§ **Task item**
Copy, word for word, the lines of the entries below between the one with "cyc_equiv (cycle_type n" and the one with "a column replacing itself", inclusive, and leave out everything else.
---+---
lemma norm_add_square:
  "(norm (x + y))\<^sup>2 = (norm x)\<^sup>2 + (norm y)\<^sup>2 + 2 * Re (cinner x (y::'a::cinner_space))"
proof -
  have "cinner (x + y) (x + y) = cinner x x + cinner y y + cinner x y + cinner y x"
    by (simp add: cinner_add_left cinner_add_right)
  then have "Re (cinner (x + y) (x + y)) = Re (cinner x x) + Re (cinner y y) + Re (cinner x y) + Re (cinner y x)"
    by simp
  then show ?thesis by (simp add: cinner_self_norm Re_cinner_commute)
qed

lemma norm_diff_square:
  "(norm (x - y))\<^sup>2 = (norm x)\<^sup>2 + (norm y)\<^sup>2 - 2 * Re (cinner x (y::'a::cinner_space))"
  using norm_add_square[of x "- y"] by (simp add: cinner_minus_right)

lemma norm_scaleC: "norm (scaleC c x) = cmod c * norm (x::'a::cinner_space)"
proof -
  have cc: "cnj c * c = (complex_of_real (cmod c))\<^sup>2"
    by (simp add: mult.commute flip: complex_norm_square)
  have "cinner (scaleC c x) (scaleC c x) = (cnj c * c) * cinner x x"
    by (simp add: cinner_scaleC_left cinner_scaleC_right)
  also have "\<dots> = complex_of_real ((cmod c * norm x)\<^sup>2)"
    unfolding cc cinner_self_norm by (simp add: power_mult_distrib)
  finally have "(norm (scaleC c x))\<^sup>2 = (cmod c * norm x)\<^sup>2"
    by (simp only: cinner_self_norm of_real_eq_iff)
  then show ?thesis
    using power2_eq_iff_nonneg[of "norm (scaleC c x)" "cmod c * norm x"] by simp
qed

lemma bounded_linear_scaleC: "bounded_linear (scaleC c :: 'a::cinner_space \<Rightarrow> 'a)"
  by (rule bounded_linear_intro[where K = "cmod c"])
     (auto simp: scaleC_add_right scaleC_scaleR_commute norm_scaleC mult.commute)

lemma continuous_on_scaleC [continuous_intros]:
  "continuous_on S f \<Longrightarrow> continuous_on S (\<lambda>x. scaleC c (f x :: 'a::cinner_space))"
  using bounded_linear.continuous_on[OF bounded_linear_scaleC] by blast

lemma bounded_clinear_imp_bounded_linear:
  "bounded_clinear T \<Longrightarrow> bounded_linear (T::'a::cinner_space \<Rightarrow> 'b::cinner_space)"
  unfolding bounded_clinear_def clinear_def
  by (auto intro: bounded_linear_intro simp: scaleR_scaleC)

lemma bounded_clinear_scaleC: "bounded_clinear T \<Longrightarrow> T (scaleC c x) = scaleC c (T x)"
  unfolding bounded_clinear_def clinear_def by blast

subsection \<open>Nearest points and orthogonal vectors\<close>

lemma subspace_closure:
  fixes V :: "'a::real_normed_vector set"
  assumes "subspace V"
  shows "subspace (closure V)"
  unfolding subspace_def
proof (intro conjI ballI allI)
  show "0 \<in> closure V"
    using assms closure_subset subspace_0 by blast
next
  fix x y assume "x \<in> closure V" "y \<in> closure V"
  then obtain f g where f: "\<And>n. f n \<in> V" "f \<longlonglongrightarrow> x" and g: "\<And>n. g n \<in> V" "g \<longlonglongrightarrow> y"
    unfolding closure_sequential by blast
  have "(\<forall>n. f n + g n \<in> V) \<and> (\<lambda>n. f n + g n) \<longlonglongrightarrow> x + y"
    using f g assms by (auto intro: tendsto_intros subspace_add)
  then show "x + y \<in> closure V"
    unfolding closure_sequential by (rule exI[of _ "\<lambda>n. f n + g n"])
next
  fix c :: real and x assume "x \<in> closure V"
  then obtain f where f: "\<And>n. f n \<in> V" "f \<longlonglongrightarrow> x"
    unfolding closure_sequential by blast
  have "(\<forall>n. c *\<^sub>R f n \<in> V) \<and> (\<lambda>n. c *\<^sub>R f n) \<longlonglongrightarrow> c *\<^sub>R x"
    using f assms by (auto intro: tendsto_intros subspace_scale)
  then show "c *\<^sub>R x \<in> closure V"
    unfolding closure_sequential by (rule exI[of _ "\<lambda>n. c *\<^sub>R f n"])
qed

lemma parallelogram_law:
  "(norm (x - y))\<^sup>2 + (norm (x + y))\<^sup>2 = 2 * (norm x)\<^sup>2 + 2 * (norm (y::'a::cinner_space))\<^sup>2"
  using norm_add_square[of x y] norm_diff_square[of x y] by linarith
---+---
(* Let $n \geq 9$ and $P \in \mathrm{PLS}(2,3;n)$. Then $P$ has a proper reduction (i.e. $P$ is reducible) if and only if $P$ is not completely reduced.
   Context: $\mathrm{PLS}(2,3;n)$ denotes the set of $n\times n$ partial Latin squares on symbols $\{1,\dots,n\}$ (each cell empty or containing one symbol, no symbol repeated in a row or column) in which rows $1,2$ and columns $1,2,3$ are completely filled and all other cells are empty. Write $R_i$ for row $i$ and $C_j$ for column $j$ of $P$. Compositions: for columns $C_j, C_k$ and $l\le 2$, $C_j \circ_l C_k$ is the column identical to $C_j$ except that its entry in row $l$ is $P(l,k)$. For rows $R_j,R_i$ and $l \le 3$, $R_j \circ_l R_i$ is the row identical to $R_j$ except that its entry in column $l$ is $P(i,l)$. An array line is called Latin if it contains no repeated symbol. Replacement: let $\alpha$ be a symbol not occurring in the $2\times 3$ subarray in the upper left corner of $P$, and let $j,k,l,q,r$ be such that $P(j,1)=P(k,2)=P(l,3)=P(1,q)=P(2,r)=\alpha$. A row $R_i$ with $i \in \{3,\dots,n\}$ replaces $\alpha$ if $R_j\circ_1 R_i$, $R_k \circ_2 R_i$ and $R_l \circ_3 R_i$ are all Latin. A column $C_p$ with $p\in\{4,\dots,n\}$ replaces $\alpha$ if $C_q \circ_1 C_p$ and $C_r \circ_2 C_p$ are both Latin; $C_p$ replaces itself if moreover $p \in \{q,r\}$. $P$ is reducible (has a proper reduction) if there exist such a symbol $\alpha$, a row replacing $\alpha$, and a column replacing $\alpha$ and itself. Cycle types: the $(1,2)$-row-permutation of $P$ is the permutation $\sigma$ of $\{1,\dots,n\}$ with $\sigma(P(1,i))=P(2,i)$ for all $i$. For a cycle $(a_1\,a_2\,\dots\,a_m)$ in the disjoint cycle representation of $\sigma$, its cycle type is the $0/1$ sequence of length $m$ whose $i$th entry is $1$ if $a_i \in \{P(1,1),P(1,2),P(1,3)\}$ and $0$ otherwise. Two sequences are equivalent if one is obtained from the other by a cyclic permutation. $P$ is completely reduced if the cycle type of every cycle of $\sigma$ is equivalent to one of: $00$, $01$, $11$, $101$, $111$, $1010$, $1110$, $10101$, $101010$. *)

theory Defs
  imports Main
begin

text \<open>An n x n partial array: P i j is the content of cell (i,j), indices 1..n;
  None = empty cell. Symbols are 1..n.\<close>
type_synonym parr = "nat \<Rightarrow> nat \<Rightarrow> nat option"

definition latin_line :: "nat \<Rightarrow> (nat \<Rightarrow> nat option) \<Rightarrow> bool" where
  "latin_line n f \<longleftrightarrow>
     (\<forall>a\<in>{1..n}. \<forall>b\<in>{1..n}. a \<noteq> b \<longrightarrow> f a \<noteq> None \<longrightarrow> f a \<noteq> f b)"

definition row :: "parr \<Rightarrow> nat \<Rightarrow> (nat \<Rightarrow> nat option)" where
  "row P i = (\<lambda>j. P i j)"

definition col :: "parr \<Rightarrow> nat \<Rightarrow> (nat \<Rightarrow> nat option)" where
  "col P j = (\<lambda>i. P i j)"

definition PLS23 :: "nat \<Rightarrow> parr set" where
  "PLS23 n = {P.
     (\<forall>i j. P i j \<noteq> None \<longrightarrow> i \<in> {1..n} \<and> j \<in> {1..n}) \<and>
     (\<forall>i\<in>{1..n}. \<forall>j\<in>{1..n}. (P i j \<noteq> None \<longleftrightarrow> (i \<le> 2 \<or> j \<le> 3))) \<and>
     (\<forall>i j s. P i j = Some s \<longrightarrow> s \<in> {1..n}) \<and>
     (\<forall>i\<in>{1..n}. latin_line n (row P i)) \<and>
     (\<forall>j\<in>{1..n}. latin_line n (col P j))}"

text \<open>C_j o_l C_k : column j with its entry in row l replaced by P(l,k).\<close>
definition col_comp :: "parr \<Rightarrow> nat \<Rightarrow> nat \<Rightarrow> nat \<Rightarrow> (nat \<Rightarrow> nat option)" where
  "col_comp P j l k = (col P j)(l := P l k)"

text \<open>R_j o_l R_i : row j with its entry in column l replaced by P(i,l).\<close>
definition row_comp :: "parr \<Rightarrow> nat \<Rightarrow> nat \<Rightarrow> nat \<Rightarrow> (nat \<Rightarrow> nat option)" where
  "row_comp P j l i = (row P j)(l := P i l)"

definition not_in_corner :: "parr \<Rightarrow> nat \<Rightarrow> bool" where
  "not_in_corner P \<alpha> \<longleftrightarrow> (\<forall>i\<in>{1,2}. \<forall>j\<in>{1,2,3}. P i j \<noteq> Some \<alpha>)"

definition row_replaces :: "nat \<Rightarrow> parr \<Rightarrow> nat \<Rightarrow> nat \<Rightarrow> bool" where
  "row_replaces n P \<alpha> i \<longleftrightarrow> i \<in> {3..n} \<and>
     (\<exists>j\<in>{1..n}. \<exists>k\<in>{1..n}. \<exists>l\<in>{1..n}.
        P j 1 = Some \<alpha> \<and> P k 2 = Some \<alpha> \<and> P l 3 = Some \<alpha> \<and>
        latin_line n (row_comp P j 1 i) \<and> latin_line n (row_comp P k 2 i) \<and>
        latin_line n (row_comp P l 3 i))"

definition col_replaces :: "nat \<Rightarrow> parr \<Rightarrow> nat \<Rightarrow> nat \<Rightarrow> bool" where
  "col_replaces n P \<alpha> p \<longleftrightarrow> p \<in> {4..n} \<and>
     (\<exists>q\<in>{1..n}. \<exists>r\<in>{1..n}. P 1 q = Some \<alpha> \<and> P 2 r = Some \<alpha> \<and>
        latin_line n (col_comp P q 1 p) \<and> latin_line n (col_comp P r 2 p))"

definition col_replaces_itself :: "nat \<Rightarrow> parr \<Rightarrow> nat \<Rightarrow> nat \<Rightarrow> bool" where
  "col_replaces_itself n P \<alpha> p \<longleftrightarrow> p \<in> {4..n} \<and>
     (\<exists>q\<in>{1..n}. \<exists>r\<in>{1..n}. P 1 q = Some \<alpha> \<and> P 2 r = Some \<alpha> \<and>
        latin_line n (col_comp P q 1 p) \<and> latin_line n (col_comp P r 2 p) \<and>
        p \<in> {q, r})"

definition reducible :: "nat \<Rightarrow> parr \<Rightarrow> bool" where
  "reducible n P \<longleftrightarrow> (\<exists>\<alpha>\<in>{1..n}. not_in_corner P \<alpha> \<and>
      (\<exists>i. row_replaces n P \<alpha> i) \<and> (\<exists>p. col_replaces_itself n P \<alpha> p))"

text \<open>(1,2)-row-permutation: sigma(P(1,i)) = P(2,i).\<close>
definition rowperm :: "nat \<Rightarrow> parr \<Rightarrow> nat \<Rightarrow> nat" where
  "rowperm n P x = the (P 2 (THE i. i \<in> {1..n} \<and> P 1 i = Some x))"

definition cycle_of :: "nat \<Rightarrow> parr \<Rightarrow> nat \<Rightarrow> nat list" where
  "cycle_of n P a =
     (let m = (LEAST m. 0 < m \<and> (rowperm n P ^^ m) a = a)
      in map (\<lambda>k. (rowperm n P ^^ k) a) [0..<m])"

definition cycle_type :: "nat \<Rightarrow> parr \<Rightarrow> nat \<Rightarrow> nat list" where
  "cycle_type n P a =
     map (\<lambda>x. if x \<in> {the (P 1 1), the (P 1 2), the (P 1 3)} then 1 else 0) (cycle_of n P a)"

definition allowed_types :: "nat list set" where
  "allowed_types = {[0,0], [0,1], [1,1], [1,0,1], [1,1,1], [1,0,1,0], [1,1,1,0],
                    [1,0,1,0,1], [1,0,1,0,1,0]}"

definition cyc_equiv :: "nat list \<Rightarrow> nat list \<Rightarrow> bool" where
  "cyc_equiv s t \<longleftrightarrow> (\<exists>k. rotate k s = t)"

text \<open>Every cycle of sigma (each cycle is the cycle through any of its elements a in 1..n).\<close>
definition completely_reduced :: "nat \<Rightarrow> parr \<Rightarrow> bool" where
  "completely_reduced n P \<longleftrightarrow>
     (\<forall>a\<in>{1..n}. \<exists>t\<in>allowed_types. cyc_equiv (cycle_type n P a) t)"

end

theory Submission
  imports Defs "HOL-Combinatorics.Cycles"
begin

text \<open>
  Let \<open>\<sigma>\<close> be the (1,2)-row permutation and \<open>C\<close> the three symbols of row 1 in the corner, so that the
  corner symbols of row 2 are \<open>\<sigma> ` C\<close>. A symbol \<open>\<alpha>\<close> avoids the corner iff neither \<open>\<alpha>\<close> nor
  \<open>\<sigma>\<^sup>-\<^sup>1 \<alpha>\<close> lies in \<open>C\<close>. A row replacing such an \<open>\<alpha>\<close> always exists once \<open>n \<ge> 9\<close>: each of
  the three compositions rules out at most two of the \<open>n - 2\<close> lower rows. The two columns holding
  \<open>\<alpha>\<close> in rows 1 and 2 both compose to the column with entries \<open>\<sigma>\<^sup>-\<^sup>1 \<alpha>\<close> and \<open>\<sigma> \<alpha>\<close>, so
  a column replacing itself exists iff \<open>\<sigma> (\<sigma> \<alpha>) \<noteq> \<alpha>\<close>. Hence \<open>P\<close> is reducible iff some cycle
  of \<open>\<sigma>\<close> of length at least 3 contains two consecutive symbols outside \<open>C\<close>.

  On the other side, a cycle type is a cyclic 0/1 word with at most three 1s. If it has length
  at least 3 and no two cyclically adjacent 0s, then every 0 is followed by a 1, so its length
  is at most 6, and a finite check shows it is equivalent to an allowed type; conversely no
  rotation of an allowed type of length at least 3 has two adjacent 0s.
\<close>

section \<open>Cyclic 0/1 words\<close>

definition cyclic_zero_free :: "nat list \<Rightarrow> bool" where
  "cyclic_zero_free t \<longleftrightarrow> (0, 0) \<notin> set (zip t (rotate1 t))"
---+---
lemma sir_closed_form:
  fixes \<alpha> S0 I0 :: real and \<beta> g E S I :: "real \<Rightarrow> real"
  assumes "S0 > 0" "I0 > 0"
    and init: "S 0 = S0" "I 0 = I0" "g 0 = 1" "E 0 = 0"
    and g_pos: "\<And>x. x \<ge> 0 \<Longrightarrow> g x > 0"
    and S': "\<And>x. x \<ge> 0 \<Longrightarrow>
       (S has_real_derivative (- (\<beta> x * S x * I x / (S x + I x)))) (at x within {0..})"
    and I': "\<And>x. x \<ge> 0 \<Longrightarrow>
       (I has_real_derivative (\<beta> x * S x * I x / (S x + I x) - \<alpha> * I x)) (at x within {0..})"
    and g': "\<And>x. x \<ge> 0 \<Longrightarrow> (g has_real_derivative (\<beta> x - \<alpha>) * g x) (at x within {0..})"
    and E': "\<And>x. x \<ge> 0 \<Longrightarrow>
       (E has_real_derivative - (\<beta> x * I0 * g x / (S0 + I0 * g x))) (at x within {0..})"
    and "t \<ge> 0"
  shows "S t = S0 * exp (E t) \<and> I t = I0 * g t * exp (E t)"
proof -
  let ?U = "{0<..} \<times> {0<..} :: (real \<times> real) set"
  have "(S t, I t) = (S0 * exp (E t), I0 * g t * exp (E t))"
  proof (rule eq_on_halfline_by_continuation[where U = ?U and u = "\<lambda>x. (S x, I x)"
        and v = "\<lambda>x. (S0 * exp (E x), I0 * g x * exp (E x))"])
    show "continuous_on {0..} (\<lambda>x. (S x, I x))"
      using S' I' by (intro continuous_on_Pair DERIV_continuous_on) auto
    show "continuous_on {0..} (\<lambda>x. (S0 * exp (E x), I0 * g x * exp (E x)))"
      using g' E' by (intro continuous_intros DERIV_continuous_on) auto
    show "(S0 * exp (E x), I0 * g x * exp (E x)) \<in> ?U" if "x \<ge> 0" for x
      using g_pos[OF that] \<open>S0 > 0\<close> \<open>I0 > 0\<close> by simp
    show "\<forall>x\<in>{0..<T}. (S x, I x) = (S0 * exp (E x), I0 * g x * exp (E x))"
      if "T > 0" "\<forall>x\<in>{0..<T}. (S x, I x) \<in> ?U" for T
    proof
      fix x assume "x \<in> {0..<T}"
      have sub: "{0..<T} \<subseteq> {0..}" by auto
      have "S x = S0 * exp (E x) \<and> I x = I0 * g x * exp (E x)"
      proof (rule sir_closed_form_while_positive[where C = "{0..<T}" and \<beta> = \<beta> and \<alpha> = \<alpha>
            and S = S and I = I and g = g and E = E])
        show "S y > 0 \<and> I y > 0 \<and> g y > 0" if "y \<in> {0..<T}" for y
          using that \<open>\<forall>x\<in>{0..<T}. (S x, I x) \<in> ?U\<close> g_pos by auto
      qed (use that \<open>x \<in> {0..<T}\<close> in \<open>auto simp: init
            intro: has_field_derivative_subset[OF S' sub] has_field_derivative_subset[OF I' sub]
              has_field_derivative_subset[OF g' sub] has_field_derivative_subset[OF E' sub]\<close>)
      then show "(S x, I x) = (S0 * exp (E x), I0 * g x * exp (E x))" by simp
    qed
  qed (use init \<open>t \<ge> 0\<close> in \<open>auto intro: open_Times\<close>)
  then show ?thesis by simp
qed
---+---
§ **Written reply**
     (\<forall>a\<in>{1..n}. \<exists>t\<in>allowed_types. cyc_equiv (cycle_type n P a) t)"

end

theory Submission
  imports Defs "HOL-Combinatorics.Cycles"
begin

text \<open>
  Let \<open>\<sigma>\<close> be the (1,2)-row permutation and \<open>C\<close> the three symbols of row 1 in the corner, so that the
  corner symbols of row 2 are \<open>\<sigma> ` C\<close>. A symbol \<open>\<alpha>\<close> avoids the corner iff neither \<open>\<alpha>\<close> nor
  \<open>\<sigma>\<^sup>-\<^sup>1 \<alpha>\<close> lies in \<open>C\<close>. A row replacing such an \<open>\<alpha>\<close> always exists once \<open>n \<ge> 9\<close>: each of
  the three compositions rules out at most two of the \<open>n - 2\<close> lower rows. The two columns holding
  \<open>\<alpha>\<close> in rows 1 and 2 both compose to the column with entries \<open>\<sigma>\<^sup>-\<^sup>1 \<alpha>\<close> and \<open>\<sigma> \<alpha>\<close>, so
  a column replacing itself exists iff \<open>\<sigma> (\<sigma> \<alpha>) \<noteq> \<alpha>\<close>. Hence \<open>P\<close> is reducible iff some cycle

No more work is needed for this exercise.